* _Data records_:
● ● ● ● ●
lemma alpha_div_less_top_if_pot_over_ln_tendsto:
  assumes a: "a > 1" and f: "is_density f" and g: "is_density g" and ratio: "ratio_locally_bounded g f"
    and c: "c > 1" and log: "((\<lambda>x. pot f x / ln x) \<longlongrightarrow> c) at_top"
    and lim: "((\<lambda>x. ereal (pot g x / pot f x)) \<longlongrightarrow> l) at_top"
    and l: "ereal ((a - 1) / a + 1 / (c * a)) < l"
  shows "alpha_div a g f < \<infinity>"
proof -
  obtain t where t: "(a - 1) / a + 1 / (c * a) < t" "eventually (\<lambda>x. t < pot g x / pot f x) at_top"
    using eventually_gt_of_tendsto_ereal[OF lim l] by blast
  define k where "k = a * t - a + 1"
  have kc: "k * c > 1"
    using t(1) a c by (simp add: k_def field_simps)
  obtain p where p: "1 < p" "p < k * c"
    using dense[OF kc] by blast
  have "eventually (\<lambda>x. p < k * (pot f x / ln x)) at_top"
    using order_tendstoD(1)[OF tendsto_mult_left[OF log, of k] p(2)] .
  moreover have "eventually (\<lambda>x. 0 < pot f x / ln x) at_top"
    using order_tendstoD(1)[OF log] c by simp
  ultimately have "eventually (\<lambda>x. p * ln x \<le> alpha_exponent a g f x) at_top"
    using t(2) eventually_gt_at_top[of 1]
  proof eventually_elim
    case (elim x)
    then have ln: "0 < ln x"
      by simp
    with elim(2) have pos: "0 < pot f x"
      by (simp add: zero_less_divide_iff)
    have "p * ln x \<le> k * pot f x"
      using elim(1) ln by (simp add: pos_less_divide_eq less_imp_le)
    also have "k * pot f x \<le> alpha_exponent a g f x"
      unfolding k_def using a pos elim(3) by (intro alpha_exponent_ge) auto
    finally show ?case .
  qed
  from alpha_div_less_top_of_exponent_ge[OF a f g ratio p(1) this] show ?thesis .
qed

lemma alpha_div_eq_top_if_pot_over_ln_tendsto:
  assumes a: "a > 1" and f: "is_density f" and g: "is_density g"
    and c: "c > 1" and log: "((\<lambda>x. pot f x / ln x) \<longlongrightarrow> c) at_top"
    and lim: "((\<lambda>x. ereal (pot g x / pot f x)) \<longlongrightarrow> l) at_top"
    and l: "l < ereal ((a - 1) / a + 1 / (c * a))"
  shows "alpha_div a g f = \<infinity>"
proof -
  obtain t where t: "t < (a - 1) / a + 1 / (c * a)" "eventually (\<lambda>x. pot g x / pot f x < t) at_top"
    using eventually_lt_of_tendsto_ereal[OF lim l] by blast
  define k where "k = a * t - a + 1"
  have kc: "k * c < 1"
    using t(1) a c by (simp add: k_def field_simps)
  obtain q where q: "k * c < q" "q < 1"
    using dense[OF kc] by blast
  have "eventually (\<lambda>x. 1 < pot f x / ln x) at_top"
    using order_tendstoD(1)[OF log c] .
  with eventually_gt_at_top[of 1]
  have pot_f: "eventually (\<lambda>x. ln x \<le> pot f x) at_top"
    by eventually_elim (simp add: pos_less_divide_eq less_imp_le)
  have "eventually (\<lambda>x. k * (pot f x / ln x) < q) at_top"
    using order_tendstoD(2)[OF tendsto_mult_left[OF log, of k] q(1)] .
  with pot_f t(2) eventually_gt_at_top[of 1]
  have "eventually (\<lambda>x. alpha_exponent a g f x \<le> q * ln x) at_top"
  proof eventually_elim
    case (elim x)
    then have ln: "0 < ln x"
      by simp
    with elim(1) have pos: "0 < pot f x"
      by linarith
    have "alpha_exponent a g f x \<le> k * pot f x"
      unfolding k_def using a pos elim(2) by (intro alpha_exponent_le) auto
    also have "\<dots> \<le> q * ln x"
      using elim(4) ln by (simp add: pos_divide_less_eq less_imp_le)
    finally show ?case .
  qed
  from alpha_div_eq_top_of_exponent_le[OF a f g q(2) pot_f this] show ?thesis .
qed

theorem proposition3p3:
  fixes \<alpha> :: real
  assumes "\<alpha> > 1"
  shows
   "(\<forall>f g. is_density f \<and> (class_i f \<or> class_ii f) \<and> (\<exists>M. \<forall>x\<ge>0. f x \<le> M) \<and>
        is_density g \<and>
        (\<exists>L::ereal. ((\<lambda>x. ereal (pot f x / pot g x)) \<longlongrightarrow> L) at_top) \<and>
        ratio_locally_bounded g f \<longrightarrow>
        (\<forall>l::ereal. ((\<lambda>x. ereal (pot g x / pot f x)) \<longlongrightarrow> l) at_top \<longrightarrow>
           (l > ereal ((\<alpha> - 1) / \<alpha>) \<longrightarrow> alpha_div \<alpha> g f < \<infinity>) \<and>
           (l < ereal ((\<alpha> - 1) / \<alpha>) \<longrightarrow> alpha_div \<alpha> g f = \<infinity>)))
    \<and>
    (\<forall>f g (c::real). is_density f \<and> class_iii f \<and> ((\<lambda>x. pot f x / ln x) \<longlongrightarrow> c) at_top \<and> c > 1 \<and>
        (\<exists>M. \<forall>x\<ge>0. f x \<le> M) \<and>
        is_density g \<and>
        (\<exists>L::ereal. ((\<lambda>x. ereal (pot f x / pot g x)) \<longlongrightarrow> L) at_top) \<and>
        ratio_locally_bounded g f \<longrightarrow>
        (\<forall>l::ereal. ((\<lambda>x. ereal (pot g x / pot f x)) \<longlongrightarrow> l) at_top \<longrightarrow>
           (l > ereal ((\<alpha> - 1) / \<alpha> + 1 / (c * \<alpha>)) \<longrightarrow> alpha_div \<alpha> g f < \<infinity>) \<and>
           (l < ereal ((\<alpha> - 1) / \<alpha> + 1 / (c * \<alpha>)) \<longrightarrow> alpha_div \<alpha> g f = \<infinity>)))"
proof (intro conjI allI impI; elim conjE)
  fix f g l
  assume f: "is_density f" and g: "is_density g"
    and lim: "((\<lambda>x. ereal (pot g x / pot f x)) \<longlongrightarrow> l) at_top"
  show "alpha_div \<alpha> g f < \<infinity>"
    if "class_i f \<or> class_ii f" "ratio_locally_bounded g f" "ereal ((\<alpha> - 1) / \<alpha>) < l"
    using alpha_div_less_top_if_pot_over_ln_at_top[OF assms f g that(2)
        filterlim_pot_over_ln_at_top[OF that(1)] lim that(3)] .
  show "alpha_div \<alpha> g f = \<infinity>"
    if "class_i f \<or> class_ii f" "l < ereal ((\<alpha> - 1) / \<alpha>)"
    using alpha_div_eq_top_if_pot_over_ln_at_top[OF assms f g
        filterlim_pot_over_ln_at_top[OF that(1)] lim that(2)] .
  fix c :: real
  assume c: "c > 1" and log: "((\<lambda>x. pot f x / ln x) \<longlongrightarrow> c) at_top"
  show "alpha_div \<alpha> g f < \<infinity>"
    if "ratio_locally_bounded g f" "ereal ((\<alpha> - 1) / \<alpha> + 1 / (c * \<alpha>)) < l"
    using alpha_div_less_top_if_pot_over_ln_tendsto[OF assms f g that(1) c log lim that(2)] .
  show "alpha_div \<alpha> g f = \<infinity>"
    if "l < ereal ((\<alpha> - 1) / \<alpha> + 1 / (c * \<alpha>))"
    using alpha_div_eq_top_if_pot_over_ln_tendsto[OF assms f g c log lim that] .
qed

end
● ● ● ● ●
* _Work required_: The data, all of it, should be transcribed exactly.

* _Answer_:
lemma alpha_div_less_top_if_pot_over_ln_tendsto:
  assumes a: "a > 1" and f: "is_density f" and g: "is_density g" and ratio: "ratio_locally_bounded g f"
    and c: "c > 1" and log: "((\<lambda>x. pot f x / ln x) \<longlongrightarrow> c) at_top"
    and lim: "((\<lambda>x. ereal (pot g x / pot f x)) \<longlongrightarrow> l) at_top"
    and l: "ereal ((a - 1) / a + 1 / (c * a)) < l"
  shows "alpha_div a g f < \<infinity>"
proof -
  obtain t where t: "(a - 1) / a + 1 / (c * a) < t" "eventually (\<lambda>x. t < pot g x / pot f x) at_top"
    using eventually_gt_of_tendsto_ereal[OF lim l] by blast
  define k where "k = a * t - a + 1"
  have kc: "k * c > 1"
    using t(1) a c by (simp add: k_def field_simps)
  obtain p where p: "1 < p" "p < k * c"
    using dense[OF kc] by blast
  have "eventually (\<lambda>x. p < k * (pot f x / ln x)) at_top"
    using order_tendstoD(1)[OF tendsto_mult_left[OF log, of k] p(2)] .
  moreover have "eventually (\<lambda>x. 0 < pot f x / ln x) at_top"
    using order_tendstoD(1)[OF log] c by simp
  ultimately have "eventually (\<lambda>x. p * ln x \<le> alpha_exponent a g f x) at_top"
    using t(2) eventually_gt_at_top[of 1]
  proof eventually_elim
    case (elim x)
    then have ln: "0 < ln x"
      by simp
    with elim(2) have pos: "0 < pot f x"
      by (simp add: zero_less_divide_iff)
    have "p * ln x \<le> k * pot f x"
      using elim(1) ln by (simp add: pos_less_divide_eq less_imp_le)
    also have "k * pot f x \<le> alpha_exponent a g f x"
      unfolding k_def using a pos elim(3) by (intro alpha_exponent_ge) auto
    finally show ?case .
  qed
  from alpha_div_less_top_of_exponent_ge[OF a f g ratio p(1) this] show ?thesis .
qed

lemma alpha_div_eq_top_if_pot_over_ln_tendsto:
  assumes a: "a > 1" and f: "is_density f" and g: "is_density g"
    and c: "c > 1" and log: "((\<lambda>x. pot f x / ln x) \<longlongrightarrow> c) at_top"
    and lim: "((\<lambda>x. ereal (pot g x / pot f x)) \<longlongrightarrow> l) at_top"
    and l: "l < ereal ((a - 1) / a + 1 / (c * a))"
  shows "alpha_div a g f = \<infinity>"
proof -
  obtain t where t: "t < (a - 1) / a + 1 / (c * a)" "eventually (\<lambda>x. pot g x / pot f x < t) at_top"
    using eventually_lt_of_tendsto_ereal[OF lim l] by blast
  define k where "k = a * t - a + 1"
  have kc: "k * c < 1"
    using t(1) a c by (simp add: k_def field_simps)
  obtain q where q: "k * c < q" "q < 1"
    using dense[OF kc] by blast
  have "eventually (\<lambda>x. 1 < pot f x / ln x) at_top"
    using order_tendstoD(1)[OF log c] .
  with eventually_gt_at_top[of 1]
  have pot_f: "eventually (\<lambda>x. ln x \<le> pot f x) at_top"
    by eventually_elim (simp add: pos_less_divide_eq less_imp_le)
  have "eventually (\<lambda>x. k * (pot f x / ln x) < q) at_top"
    using order_tendstoD(2)[OF tendsto_mult_left[OF log, of k] q(1)] .
  with pot_f t(2) eventually_gt_at_top[of 1]
  have "eventually (\<lambda>x. alpha_exponent a g f x \<le> q * ln x) at_top"
  proof eventually_elim
    case (elim x)
    then have ln: "0 < ln x"
      by simp
    with elim(1) have pos: "0 < pot f x"
      by linarith
    have "alpha_exponent a g f x \<le> k * pot f x"
      unfolding k_def using a pos elim(2) by (intro alpha_exponent_le) auto
    also have "\<dots> \<le> q * ln x"
      using elim(4) ln by (simp add: pos_divide_less_eq less_imp_le)
    finally show ?case .
  qed
  from alpha_div_eq_top_of_exponent_le[OF a f g q(2) pot_f this] show ?thesis .
qed

theorem proposition3p3:
  fixes \<alpha> :: real
  assumes "\<alpha> > 1"
  shows
   "(\<forall>f g. is_density f \<and> (class_i f \<or> class_ii f) \<and> (\<exists>M. \<forall>x\<ge>0. f x \<le> M) \<and>
        is_density g \<and>
        (\<exists>L::ereal. ((\<lambda>x. ereal (pot f x / pot g x)) \<longlongrightarrow> L) at_top) \<and>
        ratio_locally_bounded g f \<longrightarrow>
        (\<forall>l::ereal. ((\<lambda>x. ereal (pot g x / pot f x)) \<longlongrightarrow> l) at_top \<longrightarrow>
           (l > ereal ((\<alpha> - 1) / \<alpha>) \<longrightarrow> alpha_div \<alpha> g f < \<infinity>) \<and>
           (l < ereal ((\<alpha> - 1) / \<alpha>) \<longrightarrow> alpha_div \<alpha> g f = \<infinity>)))
    \<and>
    (\<forall>f g (c::real). is_density f \<and> class_iii f \<and> ((\<lambda>x. pot f x / ln x) \<longlongrightarrow> c) at_top \<and> c > 1 \<and>
        (\<exists>M. \<forall>x\<ge>0. f x \<le> M) \<and>
        is_density g \<and>
        (\<exists>L::ereal. ((\<lambda>x. ereal (pot f x / pot g x)) \<longlongrightarrow> L) at_top) \<and>
        ratio_locally_bounded g f \<longrightarrow>
        (\<forall>l::ereal. ((\<lambda>x. ereal (pot g x / pot f x)) \<longlongrightarrow> l) at_top \<longrightarrow>
           (l > ereal ((\<alpha> - 1) / \<alpha> + 1 / (c * \<alpha>)) \<longrightarrow> alpha_div \<alpha> g f < \<infinity>) \<and>
           (l < ereal ((\<alpha> - 1) / \<alpha> + 1 / (c * \<alpha>)) \<longrightarrow> alpha_div \<alpha> g f = \<infinity>)))"
proof (intro conjI allI impI; elim conjE)
  fix f g l
  assume f: "is_density f" and g: "is_density g"
    and lim: "((\<lambda>x. ereal (pot g x / pot f x)) \<longlongrightarrow> l) at_top"
  show "alpha_div \<alpha> g f < \<infinity>"
    if "class_i f \<or> class_ii f" "ratio_locally_bounded g f" "ereal ((\<alpha> - 1) / \<alpha>) < l"
    using alpha_div_less_top_if_pot_over_ln_at_top[OF assms f g that(2)
        filterlim_pot_over_ln_at_top[OF that(1)] lim that(3)] .
  show "alpha_div \<alpha> g f = \<infinity>"
    if "class_i f \<or> class_ii f" "l < ereal ((\<alpha> - 1) / \<alpha>)"
    using alpha_div_eq_top_if_pot_over_ln_at_top[OF assms f g
        filterlim_pot_over_ln_at_top[OF that(1)] lim that(2)] .
  fix c :: real
  assume c: "c > 1" and log: "((\<lambda>x. pot f x / ln x) \<longlongrightarrow> c) at_top"
  show "alpha_div \<alpha> g f < \<infinity>"
    if "ratio_locally_bounded g f" "ereal ((\<alpha> - 1) / \<alpha> + 1 / (c * \<alpha>)) < l"
    using alpha_div_less_top_if_pot_over_ln_tendsto[OF assms f g that(1) c log lim that(2)] .
  show "alpha_div \<alpha> g f = \<infinity>"
    if "l < ereal ((\<alpha> - 1) / \<alpha> + 1 / (c * \<alpha>))"
    using alpha_div_eq_top_if_pot_over_ln_tendsto[OF assms f g c log lim that] .
qed

end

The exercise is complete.